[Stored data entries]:

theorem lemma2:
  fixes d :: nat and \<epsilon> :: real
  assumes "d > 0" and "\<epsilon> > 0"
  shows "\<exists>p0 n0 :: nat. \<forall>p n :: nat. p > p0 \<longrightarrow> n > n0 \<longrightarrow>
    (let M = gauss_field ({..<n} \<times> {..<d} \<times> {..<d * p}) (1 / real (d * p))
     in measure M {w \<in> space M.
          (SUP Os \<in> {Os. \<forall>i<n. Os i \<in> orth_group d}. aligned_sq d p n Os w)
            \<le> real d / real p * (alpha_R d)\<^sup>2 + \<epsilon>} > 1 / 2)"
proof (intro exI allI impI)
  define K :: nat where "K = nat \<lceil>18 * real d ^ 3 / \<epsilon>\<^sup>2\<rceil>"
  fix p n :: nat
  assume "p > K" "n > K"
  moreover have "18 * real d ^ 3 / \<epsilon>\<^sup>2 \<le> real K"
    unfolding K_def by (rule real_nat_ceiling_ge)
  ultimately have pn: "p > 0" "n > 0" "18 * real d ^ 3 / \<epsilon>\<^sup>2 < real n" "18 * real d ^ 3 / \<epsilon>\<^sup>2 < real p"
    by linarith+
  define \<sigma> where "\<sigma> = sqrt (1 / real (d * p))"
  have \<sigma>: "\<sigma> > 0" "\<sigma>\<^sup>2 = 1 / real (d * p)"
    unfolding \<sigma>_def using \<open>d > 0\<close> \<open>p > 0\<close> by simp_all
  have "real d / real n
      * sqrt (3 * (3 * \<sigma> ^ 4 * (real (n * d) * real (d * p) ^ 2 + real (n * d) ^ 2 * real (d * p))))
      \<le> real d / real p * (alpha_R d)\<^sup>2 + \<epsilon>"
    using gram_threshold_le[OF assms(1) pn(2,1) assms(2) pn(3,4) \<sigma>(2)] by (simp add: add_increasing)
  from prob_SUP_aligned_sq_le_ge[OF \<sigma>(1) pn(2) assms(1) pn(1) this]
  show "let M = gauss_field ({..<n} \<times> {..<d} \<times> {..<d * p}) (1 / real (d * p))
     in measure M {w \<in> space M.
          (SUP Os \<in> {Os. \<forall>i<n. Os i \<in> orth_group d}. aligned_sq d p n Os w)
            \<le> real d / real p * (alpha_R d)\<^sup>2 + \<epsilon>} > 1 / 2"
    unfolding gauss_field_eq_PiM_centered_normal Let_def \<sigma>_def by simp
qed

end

[Requirement]: In the data above, which lines lie between the line with "n > n0 \<longrightarrow>" and the line with "by linarith+", inclusive? Print those lines exactly and nothing else.

[Response area]:
  shows "\<exists>p0 n0 :: nat. \<forall>p n :: nat. p > p0 \<longrightarrow> n > n0 \<longrightarrow>
    (let M = gauss_field ({..<n} \<times> {..<d} \<times> {..<d * p}) (1 / real (d * p))
     in measure M {w \<in> space M.
          (SUP Os \<in> {Os. \<forall>i<n. Os i \<in> orth_group d}. aligned_sq d p n Os w)
            \<le> real d / real p * (alpha_R d)\<^sup>2 + \<epsilon>} > 1 / 2)"
proof (intro exI allI impI)
  define K :: nat where "K = nat \<lceil>18 * real d ^ 3 / \<epsilon>\<^sup>2\<rceil>"
  fix p n :: nat
  assume "p > K" "n > K"
  moreover have "18 * real d ^ 3 / \<epsilon>\<^sup>2 \<le> real K"
    unfolding K_def by (rule real_nat_ceiling_ge)
  ultimately have pn: "p > 0" "n > 0" "18 * real d ^ 3 / \<epsilon>\<^sup>2 < real n" "18 * real d ^ 3 / \<epsilon>\<^sup>2 < real p"
    by linarith+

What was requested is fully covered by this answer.